Neural networks are composed of layers of interconnected neurons that transform inputs through learned weights and biases.

**Key Concepts:**
- **Neuron**: Basic unit that computes weighted sum + bias, then applies activation
- **Layer**: Collection of neurons processing in parallel
- **Forward Pass**: Data flows from input → hidden layers → output
- **Activation Functions**: Non-linear transformations (ReLU, Sigmoid, Tanh)
- **Loss Function**: Measures prediction error
- **Backpropagation**: Algorithm to compute gradients for weight updates

### TODO 1.1: Implement a Simple Neural Network Layer

In [None]:
class SimpleNeuralLayer:
    """
    A simple neural network layer with forward pass.
    Demonstrates the basic building block of neural networks.
    """
    
    def __init__(self, input_size: int, output_size: int):
        """
        Initialize layer with random weights and zero bias.
        
        Args:
            input_size: Number of input features
            output_size: Number of output neurons
        """
        # TODO: Initialize weights with small random values (use np.random.randn)
        # Shape should be (input_size, output_size)
        self.weights = None  # Replace with proper initialization
        
        # TODO: Initialize bias as zeros
        # Shape should be (output_size,)
        self.bias = None  # Replace with proper initialization
    
    def forward(self, x: np.ndarray) -> np.ndarray:
        """
        Forward pass: compute output = x @ weights + bias
        
        Args:
            x: Input array of shape (batch_size, input_size)
        
        Returns:
            Output array of shape (batch_size, output_size)
        """
        # TODO: Implement forward pass
        # Hint: Use np.dot() or @ operator for matrix multiplication
        pass
    
    def relu(self, x: np.ndarray) -> np.ndarray:
        """
        Apply ReLU activation: max(0, x)
        """
        # TODO: Implement ReLU activation
        pass

# Test the layer
# TODO: Uncomment and test
# layer = SimpleNeuralLayer(10, 5)
# test_input = np.random.randn(3, 10)  # 3 samples, 10 features
# output = layer.forward(test_input)
# print(f"Input shape: {test_input.shape}")
# print(f"Output shape: {output.shape}")
# print(f"Output with ReLU shape: {layer.relu(output).shape}")
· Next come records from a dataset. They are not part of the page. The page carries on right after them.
lemma monic_least_degree_irreducible\<^sub>d:
  fixes m :: "int poly" and a :: "'a :: idom"
  assumes monic: "lead_coeff m = 1" and root: "poly (of_int_poly m) a = 0"
    and least: "\<And>g. lead_coeff g = 1 \<Longrightarrow> poly (of_int_poly g) a = 0 \<Longrightarrow>
                       degree m \<le> degree g"
  shows "irreducible\<^sub>d m"
proof (rule irreducible\<^sub>dI)
  show "degree m > 0"
  proof (rule ccontr)
    assume "\<not> degree m > 0"
    with monic have "m = 1" by (metis degree_eq_zeroE lead_coeff_pCons(2) neq0_conv one_poly_eq_simps(2))
    with root show False by simp
  qed
next
  have factor_degree: "degree m \<le> degree g"
    if "g dvd m" and "poly (of_int_poly g) a = 0" for g :: "int poly"
  proof -
    from \<open>g dvd m\<close> have "lead_coeff g dvd 1" using monic by (metis dvd_def lead_coeff_mult)
    hence unit: "lead_coeff g * lead_coeff g = 1" by (metis zdvd1_eq abs_mult_self_eq mult_1_left)
    have "degree m \<le> degree (Polynomial.smult (lead_coeff g) g)"
    proof (rule least)
      show "lead_coeff (Polynomial.smult (lead_coeff g) g) = 1" using unit by (cases "g = 0") auto
      show "poly (of_int_poly (Polynomial.smult (lead_coeff g) g)) a = 0"
        using that(2) by (simp add: of_int_hom.map_poly_hom_smult)
    qed
    thus ?thesis using unit by (cases "g = 0") auto
  qed
  fix q r :: "int poly"
  assume "degree q < degree m" "degree r < degree m" "m = q * r"
  moreover have "poly (of_int_poly q) a = 0 \<or> poly (of_int_poly r) a = 0"
    using root \<open>m = q * r\<close> by (simp add: of_int_poly_hom.hom_mult)
  ultimately show False using factor_degree by (metis dvd_triv_left dvd_triv_right not_le)
qed

interpretation of_rat_poly_hom: map_poly_comm_ring_hom "of_rat :: rat \<Rightarrow> 'a :: field_char_0" ..

lemma irreducible_dvd_if_common_root:
  fixes q r :: "rat poly" and a :: "'a :: field_char_0"
  assumes "irreducible q" and "poly (map_poly of_rat q) a = 0" and "poly (map_poly of_rat r) a = 0"
  shows "q dvd r"
proof (rule ccontr)
  assume "\<not> q dvd r"
  with \<open>irreducible q\<close> have "coprime q r"
    by (simp add: irreducible_imp_prime_elem prime_elem_imp_coprime)
  hence "fst (bezout_coefficients q r) * q + snd (bezout_coefficients q r) * r = 1"
    using bezout_coefficients_fst_snd[of q r] by simp
  from arg_cong[OF this, of "\<lambda>s. poly (map_poly of_rat s) a"] show False
    using assms(2,3) by (simp add: of_rat_poly_hom.hom_add of_rat_poly_hom.hom_mult)
qed

lemma monic_int_poly_dvd_if_rat_dvd:
  fixes m s :: "int poly"
  assumes monic: "lead_coeff m = 1" and dvd: "(of_int_poly m :: rat poly) dvd of_int_poly s"
  shows "m dvd s"
proof -
  obtain q r where div: "pseudo_divmod s m = (q, r)" by (cases "pseudo_divmod s m")
  have "m \<noteq> 0" using monic by auto
  have s: "s = m * q + r" using pseudo_divmod(1)[OF \<open>m \<noteq> 0\<close> div] monic by simp
  have "(of_int_poly m :: rat poly) dvd of_int_poly r"
  proof -
    have "(of_int_poly r :: rat poly) = of_int_poly s - of_int_poly m * of_int_poly q"
      unfolding s by (simp add: of_int_poly_hom.hom_add of_int_poly_hom.hom_mult)
    thus ?thesis using dvd by simp
  qed
  moreover have "r = 0 \<or> degree r < degree m" by (rule pseudo_divmod(2)[OF \<open>m \<noteq> 0\<close> div])
  ultimately have "r = 0" by (auto dest: dvd_imp_degree_le)
  thus ?thesis using s by simp
qed

lemma alg_int_imp_int_min_poly:
  assumes "alg_int a"
  obtains m where "int_min_poly a m"
proof -
  let ?monic_root = "\<lambda>g :: int poly. lead_coeff g = 1 \<and> poly (of_int_poly g) a = 0"
  obtain f where "?monic_root f" using assms unfolding alg_int_def by blast
  then obtain m where m: "?monic_root m"
    and least: "\<And>g. ?monic_root g \<Longrightarrow> degree m \<le> degree g"
    using ex_has_least_nat[of ?monic_root f degree] by blast
  have "irreducible\<^sub>d m" using m least by (intro monic_least_degree_irreducible\<^sub>d) auto
  hence "irreducible (of_int_poly m :: rat poly)" using irreducible\<^sub>d_int_rat by simp
  with m show ?thesis by (intro that[of m]) (simp add: int_min_poly_def)
qed

lemma map_poly_of_rat_of_int: "map_poly of_rat (of_int_poly f :: rat poly) = of_int_poly f"
  by (simp add: map_poly_map_poly o_def)

lemma int_min_poly_dvd:
  assumes "int_min_poly a m" and "poly (of_int_poly s) a = 0"
  shows "m dvd s"
proof (rule monic_int_poly_dvd_if_rat_dvd)
  show "lead_coeff m = 1" using assms(1) by (simp add: int_min_poly_def)
  show "(of_int_poly m :: rat poly) dvd of_int_poly s"
    using assms by (intro irreducible_dvd_if_common_root[of _ a])
      (simp_all add: int_min_poly_def map_poly_of_rat_of_int)
qed

lemma int_min_poly_root_imp_conjugate:
  assumes "int_min_poly a m" and "poly (of_int_poly m) b = 0"
  shows "Defs.conjugate a b"
  using assms unfolding int_min_poly_def conjugate_def by (metis map_poly_of_rat_of_int)

lemma alg_int_unit_imp_root_of_poly_at_0_eq_1:
  assumes "alg_int_unit y"
  obtains r :: "int poly" where "poly r 0 = 1" and "poly (of_int_poly r) y = 0"
proof -
  from assms have "y \<noteq> 0" and "alg_int (1 / y)" unfolding alg_int_unit_def by auto
  then obtain h :: "int poly" where "lead_coeff h = 1" and "poly (of_int_poly h) (1 / y) = 0"
    unfolding alg_int_def by auto
  moreover have "of_int_poly (reflect_poly h) = reflect_poly (of_int_poly h :: complex poly)"
    by (rule poly_eqI) (simp add: coeff_reflect_poly coeff_map_poly)
  ultimately show ?thesis using \<open>y \<noteq> 0\<close>
    by (intro that[of "reflect_poly h"]) (simp_all add: poly_reflect_poly_nz divide_inverse poly_0_coeff_0)
qed

lemma int_min_poly_eval_abs_eq_1_if_unit:
  assumes "int_min_poly a m" and "alg_int_unit (poly (of_int_poly P) a)" and "poly P t = 0"
  shows "\<bar>poly m t\<bar> = 1"
proof -
  obtain r :: "int poly" where "poly r 0 = 1" and "poly (of_int_poly r) (poly (of_int_poly P) a) = 0"
    using alg_int_unit_imp_root_of_poly_at_0_eq_1[OF assms(2)] by blast
  hence "poly (of_int_poly (r \<circ>\<^sub>p P)) a = 0" and "poly (r \<circ>\<^sub>p P) t = 1"
    using assms(3) by (simp_all add: of_int_hom.map_poly_pcompose poly_pcompose poly_0_coeff_0)
  moreover obtain q where "r \<circ>\<^sub>p P = m * q"
    using int_min_poly_dvd[OF assms(1) \<open>poly (of_int_poly (r \<circ>\<^sub>p P)) a = 0\<close>] by blast
  ultimately have "poly m t * poly q t = 1" by simp
  thus ?thesis using zmult_eq_1_iff by fastforce
qed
### 1.2 Building a Multi-Layer Network with PyTorch

Now let's build a proper neural network using PyTorch, a production-grade deep learning framework.

### TODO 1.2: Implement a Multi-Layer Perceptron (MLP)

In [None]:
class MLPClassifier(nn.Module):
    """
    Multi-Layer Perceptron for classification.
    A feedforward neural network with hidden layers.
    """
    
    def __init__(self, input_size: int, hidden_sizes: List[int], num_classes: int, dropout: float = 0.3):
        """
        Initialize MLP architecture.
        
        Args:
            input_size: Size of input features
            hidden_sizes: List of hidden layer sizes
            num_classes: Number of output classes
            dropout: Dropout probability for regularization
        """
        super(MLPClassifier, self).__init__()
        
        # TODO: Build the network architecture
        # Create a sequential model with:
        # 1. Input layer → first hidden layer
        # 2. ReLU activation
        # 3. Dropout
        # 4. Additional hidden layers (iterate through hidden_sizes)
        # 5. Output layer
        
        layers = []
        
        # TODO: Add input to first hidden layer
        # layers.append(nn.Linear(?, ?))
        # layers.append(nn.ReLU())
        # layers.append(nn.Dropout(dropout))
        
        # TODO: Add remaining hidden layers
        # for i in range(len(hidden_sizes) - 1):
        #     ...
        
        # TODO: Add output layer
        # layers.append(nn.Linear(?, num_classes))
        
        self.network = nn.Sequential(*layers)
    
    def forward(self, x: torch.Tensor) -> torch.Tensor:
        """
        Forward pass through the network.
        
        Args:
            x: Input tensor
        
        Returns:
            Output logits
        """
        # TODO: Pass input through the network
        return self.network(x)

# Test the MLP
# TODO: Uncomment and test
# model = MLPClassifier(input_size=784, hidden_sizes=[256, 128], num_classes=10)
# print(model)
# test_input = torch.randn(32, 784)  # Batch of 32, each with 784 features
# output = model(test_input)
# print(f"Output shape: {output.shape}")  # Should be (32, 10)

---

## Part 2: Convolutional Neural Networks (CNNs)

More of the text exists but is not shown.